The expected output is the line with "using power_sum_sums[OF xs1, THEN" followed by every remaining line of the entries, all repeated exactly.

[Data listing]
........
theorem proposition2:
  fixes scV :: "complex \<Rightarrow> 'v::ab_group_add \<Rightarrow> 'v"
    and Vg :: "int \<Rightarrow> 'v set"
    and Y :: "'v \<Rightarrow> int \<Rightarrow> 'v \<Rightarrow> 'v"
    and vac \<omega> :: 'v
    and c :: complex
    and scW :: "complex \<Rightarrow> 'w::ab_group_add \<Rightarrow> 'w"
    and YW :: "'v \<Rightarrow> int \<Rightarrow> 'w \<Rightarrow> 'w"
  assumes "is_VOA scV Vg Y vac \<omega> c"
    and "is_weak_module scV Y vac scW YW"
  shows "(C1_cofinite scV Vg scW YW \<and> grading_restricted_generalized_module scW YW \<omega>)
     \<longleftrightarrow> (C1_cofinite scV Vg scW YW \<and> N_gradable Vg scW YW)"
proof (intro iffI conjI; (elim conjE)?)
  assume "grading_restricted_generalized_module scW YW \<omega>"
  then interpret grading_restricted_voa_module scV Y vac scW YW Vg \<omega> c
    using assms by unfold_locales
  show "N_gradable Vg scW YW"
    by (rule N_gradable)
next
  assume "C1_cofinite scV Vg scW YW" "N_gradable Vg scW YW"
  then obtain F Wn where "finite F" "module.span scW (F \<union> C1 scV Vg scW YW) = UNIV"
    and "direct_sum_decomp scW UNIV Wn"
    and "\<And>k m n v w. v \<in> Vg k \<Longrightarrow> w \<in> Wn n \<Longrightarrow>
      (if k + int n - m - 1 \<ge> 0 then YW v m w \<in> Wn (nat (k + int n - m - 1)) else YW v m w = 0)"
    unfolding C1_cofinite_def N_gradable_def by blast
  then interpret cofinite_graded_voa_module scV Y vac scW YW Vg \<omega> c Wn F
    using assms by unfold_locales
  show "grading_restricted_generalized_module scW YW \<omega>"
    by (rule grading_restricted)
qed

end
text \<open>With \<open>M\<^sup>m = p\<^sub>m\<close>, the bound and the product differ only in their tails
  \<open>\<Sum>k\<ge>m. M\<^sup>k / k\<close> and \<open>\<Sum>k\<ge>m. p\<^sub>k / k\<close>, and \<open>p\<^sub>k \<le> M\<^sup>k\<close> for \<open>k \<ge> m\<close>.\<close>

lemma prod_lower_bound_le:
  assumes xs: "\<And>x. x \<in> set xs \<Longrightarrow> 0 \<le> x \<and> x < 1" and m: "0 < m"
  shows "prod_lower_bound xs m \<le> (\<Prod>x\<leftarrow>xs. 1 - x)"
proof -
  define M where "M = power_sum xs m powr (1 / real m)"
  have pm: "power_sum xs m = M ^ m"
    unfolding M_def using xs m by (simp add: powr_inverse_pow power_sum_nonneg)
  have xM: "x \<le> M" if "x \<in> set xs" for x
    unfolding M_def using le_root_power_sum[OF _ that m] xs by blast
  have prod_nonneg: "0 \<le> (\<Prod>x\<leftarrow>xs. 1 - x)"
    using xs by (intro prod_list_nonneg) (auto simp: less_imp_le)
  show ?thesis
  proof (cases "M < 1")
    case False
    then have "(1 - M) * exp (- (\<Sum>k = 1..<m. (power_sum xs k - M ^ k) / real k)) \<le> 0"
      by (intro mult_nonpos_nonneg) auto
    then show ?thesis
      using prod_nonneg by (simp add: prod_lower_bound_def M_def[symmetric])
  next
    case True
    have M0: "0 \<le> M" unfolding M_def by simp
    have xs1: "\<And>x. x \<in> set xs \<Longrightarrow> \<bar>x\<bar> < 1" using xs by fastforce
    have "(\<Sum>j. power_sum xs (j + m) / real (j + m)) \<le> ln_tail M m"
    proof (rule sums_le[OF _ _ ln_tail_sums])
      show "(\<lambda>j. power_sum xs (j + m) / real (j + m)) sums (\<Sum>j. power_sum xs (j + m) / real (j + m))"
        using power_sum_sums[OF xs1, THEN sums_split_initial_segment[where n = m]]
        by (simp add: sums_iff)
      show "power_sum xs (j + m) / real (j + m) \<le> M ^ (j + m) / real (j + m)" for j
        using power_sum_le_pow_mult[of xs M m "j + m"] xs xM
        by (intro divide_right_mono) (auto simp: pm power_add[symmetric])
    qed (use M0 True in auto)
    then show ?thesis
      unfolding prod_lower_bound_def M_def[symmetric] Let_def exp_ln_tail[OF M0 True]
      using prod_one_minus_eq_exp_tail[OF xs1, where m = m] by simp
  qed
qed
........
[Result of this task]
        using power_sum_sums[OF xs1, THEN sums_split_initial_segment[where n = m]]
        by (simp add: sums_iff)
      show "power_sum xs (j + m) / real (j + m) \<le> M ^ (j + m) / real (j + m)" for j
        using power_sum_le_pow_mult[of xs M m "j + m"] xs xM
        by (intro divide_right_mono) (auto simp: pm power_add[symmetric])
    qed (use M0 True in auto)
    then show ?thesis
      unfolding prod_lower_bound_def M_def[symmetric] Let_def exp_ln_tail[OF M0 True]
      using prod_one_minus_eq_exp_tail[OF xs1, where m = m] by simp
  qed
qed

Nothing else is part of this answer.